**Task item:** Transcribe word for word the lines below from the line with "A' \<longleftrightarrow> subst_atom" through the line with "A' \<longleftrightarrow> unifier", ends included.

======== Data for the task ========

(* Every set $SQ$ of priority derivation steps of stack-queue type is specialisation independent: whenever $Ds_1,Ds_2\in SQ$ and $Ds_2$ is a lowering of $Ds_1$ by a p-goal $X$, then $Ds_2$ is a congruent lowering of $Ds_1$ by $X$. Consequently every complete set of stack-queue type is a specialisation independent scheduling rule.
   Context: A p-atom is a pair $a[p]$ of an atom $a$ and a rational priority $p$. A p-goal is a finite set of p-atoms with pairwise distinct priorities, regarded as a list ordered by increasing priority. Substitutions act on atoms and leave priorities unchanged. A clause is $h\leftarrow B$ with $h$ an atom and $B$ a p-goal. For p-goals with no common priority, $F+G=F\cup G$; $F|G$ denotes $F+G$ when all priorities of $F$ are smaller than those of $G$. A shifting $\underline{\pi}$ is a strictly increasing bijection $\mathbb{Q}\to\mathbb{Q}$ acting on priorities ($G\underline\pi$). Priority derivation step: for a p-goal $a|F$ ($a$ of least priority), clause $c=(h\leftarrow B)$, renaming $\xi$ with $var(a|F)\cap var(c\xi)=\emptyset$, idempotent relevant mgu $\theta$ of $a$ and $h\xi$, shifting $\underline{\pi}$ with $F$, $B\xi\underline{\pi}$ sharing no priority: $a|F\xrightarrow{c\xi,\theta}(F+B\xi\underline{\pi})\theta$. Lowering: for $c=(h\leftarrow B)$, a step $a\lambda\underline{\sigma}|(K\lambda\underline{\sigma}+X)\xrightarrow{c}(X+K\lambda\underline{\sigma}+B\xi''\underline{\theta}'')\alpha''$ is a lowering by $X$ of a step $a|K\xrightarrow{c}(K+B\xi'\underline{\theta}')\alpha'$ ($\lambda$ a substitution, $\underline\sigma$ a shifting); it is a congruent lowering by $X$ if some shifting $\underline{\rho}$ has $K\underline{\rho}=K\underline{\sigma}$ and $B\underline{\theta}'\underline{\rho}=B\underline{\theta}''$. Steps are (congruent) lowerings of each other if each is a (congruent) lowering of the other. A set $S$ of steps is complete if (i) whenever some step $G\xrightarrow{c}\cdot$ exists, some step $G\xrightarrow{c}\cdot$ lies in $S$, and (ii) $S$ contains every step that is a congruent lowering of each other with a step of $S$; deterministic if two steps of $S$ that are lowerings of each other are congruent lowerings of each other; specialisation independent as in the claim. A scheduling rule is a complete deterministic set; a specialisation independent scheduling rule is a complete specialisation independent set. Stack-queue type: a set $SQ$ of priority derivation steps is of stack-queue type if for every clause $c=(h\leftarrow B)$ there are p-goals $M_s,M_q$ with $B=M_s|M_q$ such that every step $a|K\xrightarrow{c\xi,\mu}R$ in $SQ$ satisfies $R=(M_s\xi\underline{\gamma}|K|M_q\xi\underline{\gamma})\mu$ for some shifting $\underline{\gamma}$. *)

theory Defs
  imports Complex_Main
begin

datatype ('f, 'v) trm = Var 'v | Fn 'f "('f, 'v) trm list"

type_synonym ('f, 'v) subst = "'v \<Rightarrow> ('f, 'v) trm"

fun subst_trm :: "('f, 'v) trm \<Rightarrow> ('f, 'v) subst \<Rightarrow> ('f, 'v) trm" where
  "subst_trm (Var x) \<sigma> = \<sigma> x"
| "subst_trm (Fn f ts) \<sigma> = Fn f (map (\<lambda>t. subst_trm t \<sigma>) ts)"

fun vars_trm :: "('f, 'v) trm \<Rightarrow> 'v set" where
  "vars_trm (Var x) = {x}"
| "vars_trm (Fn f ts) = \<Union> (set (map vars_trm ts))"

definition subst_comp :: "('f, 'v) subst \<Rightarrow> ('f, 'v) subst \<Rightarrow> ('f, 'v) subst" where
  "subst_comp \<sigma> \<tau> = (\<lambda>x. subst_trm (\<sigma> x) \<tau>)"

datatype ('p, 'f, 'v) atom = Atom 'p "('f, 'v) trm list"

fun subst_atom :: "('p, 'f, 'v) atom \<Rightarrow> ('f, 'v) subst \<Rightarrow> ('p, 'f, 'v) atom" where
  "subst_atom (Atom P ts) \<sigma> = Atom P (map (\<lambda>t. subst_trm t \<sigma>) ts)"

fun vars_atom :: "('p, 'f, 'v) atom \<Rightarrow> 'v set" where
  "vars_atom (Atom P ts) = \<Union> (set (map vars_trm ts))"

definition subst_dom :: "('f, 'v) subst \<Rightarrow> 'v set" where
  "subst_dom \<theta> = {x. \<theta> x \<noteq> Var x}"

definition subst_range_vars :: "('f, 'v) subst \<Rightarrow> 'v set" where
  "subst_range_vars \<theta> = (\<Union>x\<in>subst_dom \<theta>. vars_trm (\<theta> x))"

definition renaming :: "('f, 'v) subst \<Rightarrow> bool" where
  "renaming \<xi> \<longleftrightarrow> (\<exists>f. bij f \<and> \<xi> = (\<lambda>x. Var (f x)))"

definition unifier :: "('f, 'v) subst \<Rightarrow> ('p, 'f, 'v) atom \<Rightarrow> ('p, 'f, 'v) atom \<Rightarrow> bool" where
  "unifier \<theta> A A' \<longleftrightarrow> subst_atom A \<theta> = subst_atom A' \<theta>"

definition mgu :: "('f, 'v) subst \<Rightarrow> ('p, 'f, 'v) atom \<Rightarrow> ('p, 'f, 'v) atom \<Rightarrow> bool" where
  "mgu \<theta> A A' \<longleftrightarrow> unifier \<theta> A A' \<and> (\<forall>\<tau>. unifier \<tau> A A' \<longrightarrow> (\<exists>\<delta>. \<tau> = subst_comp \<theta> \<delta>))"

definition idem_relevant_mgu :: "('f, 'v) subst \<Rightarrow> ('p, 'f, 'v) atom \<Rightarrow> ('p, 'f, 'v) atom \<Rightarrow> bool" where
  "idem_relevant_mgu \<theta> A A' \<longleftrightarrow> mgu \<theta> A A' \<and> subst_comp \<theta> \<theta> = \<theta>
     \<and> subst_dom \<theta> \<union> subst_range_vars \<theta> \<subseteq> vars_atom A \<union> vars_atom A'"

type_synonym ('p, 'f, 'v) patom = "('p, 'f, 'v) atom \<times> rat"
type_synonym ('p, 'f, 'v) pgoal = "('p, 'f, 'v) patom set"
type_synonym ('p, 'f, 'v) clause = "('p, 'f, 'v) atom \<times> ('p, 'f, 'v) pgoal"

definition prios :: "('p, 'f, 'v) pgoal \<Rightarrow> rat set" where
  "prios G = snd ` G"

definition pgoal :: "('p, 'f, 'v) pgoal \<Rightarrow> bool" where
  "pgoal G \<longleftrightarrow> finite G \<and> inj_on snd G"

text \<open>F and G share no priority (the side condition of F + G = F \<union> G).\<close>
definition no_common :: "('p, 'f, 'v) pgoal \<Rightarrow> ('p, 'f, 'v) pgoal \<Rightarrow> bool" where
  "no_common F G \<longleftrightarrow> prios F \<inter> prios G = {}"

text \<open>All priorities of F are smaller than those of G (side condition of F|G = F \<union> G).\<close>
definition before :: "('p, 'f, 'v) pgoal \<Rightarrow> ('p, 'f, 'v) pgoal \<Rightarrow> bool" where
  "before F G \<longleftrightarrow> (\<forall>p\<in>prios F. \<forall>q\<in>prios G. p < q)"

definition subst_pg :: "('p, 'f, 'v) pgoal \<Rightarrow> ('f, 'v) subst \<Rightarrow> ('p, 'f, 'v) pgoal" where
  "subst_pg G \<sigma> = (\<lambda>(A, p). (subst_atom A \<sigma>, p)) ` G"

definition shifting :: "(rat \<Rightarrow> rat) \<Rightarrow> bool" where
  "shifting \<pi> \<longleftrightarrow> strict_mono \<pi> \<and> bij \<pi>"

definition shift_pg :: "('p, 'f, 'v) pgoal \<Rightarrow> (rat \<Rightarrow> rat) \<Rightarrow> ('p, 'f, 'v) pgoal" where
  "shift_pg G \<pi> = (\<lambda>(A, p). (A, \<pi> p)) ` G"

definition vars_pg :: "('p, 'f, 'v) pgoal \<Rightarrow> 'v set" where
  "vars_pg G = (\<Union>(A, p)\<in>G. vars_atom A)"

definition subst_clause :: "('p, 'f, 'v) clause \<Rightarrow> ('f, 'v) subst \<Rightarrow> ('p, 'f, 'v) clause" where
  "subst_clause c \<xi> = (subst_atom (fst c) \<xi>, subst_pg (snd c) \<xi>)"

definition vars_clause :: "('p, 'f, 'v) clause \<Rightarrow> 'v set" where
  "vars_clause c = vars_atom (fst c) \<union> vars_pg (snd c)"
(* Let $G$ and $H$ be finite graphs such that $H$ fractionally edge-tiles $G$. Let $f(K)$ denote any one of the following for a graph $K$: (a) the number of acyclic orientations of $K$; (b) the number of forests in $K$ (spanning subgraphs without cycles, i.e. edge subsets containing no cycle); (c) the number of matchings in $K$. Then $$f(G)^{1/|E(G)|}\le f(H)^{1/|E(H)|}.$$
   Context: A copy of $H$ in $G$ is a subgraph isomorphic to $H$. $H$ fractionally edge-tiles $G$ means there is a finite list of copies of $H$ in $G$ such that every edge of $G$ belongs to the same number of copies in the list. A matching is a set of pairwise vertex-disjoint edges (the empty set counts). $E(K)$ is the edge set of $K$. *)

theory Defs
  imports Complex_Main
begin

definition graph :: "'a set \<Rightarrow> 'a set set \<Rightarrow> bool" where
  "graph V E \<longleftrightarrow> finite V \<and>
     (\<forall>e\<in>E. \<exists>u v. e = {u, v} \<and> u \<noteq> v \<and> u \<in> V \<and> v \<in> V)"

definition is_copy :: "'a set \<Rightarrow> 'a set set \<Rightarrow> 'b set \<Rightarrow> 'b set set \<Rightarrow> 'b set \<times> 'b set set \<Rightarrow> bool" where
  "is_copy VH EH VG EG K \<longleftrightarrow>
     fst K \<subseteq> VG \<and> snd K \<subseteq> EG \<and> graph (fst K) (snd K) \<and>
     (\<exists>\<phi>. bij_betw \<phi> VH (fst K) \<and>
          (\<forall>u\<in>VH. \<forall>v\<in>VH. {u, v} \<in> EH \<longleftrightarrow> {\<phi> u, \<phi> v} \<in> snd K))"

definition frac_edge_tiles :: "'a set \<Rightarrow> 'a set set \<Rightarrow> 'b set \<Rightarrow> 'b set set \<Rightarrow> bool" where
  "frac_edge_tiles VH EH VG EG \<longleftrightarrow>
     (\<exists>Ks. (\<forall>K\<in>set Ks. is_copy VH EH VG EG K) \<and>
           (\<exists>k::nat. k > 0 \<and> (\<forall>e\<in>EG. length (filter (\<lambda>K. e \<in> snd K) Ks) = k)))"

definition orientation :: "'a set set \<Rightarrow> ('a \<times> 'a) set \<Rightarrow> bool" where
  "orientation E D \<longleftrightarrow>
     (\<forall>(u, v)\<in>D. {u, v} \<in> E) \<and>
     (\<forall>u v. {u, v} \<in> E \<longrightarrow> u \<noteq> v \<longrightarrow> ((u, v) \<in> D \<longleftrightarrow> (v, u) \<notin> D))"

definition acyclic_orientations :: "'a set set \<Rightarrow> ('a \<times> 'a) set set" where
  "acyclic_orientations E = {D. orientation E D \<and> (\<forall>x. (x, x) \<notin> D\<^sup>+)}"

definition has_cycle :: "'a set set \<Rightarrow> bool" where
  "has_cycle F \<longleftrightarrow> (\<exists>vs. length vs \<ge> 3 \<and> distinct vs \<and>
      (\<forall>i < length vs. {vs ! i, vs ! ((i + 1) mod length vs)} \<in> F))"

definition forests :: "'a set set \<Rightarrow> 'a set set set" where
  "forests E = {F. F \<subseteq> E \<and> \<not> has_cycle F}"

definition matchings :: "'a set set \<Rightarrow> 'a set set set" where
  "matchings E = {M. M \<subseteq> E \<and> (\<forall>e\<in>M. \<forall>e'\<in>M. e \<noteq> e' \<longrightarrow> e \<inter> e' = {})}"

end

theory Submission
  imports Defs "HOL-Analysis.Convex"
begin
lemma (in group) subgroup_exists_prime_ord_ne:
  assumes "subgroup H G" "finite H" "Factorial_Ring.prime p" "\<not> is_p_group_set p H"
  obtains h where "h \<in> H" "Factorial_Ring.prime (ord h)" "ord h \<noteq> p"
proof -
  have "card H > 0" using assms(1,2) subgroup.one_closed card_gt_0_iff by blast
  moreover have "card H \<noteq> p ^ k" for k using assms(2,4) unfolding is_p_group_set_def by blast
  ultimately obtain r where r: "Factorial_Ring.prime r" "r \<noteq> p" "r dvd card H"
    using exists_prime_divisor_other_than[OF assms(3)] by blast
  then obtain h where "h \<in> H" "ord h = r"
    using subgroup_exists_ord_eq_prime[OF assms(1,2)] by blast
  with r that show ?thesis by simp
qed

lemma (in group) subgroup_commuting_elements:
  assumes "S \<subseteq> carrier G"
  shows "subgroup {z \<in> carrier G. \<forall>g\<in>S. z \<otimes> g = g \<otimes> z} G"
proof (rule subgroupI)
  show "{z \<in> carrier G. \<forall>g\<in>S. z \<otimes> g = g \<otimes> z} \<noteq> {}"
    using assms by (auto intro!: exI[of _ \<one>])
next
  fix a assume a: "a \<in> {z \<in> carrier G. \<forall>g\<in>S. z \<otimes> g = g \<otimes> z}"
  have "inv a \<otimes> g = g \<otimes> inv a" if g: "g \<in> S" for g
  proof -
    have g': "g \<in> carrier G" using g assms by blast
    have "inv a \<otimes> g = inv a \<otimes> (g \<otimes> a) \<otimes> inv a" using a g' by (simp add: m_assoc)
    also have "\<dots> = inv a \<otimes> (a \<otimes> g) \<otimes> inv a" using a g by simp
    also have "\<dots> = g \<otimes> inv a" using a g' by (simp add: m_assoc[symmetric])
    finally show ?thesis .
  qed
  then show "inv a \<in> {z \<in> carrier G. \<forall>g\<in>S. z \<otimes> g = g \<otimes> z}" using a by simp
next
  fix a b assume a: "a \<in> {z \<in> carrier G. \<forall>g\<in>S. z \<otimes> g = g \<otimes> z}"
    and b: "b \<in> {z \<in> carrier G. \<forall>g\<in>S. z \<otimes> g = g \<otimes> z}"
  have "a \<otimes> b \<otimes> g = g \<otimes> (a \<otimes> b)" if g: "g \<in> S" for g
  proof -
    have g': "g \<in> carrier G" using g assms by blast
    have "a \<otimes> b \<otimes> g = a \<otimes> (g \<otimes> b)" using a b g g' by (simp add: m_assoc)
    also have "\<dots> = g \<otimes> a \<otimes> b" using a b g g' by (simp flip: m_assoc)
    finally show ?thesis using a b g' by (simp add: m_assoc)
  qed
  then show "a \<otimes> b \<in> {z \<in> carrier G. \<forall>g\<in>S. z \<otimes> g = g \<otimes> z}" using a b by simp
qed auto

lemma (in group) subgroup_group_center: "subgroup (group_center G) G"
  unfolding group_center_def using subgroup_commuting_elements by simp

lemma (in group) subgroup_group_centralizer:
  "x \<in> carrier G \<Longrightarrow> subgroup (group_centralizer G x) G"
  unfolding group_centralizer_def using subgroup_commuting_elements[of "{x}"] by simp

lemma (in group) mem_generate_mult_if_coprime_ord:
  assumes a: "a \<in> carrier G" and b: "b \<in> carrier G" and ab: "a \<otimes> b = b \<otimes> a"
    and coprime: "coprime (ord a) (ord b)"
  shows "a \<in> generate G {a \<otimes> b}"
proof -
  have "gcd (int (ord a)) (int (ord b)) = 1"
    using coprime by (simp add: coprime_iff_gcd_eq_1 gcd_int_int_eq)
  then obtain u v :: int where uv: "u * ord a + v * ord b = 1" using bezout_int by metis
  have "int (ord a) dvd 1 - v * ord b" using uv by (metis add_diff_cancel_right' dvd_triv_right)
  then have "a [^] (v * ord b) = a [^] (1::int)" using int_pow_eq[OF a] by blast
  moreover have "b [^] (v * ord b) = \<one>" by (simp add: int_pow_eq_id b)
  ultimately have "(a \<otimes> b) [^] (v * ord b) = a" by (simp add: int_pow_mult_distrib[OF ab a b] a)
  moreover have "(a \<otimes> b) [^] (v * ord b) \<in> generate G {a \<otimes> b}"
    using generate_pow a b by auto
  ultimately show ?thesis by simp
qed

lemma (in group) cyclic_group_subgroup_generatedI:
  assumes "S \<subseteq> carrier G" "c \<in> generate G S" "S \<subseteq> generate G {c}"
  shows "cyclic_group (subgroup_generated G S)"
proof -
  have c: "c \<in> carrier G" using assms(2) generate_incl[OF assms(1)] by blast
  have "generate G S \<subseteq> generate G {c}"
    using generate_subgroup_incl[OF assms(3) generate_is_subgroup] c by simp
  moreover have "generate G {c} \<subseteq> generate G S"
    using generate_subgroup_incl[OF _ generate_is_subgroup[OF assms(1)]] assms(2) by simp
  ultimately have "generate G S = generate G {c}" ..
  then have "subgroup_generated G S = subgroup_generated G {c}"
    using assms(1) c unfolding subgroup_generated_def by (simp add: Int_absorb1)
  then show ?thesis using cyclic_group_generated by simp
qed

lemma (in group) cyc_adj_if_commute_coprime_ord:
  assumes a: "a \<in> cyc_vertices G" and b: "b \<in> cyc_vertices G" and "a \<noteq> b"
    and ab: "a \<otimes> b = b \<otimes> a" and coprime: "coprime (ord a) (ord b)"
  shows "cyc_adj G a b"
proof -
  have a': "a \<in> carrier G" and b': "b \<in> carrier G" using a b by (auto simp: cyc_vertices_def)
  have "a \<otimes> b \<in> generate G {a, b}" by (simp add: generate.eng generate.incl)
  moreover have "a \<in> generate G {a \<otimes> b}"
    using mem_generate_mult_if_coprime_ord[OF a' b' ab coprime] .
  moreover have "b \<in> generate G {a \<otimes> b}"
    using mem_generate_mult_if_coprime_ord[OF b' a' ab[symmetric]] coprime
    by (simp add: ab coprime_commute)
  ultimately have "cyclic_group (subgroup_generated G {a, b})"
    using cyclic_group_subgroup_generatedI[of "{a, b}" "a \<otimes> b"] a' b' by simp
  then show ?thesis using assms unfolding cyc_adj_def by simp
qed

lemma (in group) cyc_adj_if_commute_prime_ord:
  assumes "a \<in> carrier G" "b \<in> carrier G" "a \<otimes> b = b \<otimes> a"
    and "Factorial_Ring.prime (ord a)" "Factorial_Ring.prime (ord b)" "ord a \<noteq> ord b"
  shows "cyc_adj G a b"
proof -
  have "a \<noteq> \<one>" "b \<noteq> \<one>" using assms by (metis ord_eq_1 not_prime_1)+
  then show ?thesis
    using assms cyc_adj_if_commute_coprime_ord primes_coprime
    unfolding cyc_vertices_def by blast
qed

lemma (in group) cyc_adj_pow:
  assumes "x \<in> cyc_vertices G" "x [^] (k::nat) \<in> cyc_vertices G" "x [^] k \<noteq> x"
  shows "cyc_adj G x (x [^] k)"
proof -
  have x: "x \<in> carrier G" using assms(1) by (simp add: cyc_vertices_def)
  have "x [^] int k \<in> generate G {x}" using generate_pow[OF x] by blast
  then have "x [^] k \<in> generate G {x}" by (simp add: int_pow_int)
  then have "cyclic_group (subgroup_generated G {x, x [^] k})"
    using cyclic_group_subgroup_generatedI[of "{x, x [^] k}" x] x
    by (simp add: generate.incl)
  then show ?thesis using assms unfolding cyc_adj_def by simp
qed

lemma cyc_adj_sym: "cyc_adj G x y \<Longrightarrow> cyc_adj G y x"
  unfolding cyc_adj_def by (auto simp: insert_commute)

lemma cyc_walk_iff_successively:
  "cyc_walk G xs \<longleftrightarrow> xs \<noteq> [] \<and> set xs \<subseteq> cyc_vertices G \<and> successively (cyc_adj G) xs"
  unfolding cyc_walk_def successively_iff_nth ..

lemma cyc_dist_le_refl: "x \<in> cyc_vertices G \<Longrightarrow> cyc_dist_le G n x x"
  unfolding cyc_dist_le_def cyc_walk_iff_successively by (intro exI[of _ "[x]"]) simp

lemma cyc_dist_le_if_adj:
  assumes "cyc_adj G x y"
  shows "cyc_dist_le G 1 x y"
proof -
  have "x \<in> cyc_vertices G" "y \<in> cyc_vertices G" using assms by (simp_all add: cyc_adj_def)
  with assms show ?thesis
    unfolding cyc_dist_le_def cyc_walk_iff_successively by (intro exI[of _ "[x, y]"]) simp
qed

========

**Answer box:**
  "unifier \<theta> A A' \<longleftrightarrow> subst_atom A \<theta> = subst_atom A' \<theta>"

definition mgu :: "('f, 'v) subst \<Rightarrow> ('p, 'f, 'v) atom \<Rightarrow> ('p, 'f, 'v) atom \<Rightarrow> bool" where
  "mgu \<theta> A A' \<longleftrightarrow> unifier \<theta> A A' \<and> (\<forall>\<tau>. unifier \<tau> A A' \<longrightarrow> (\<exists>\<delta>. \<tau> = subst_comp \<theta> \<delta>))"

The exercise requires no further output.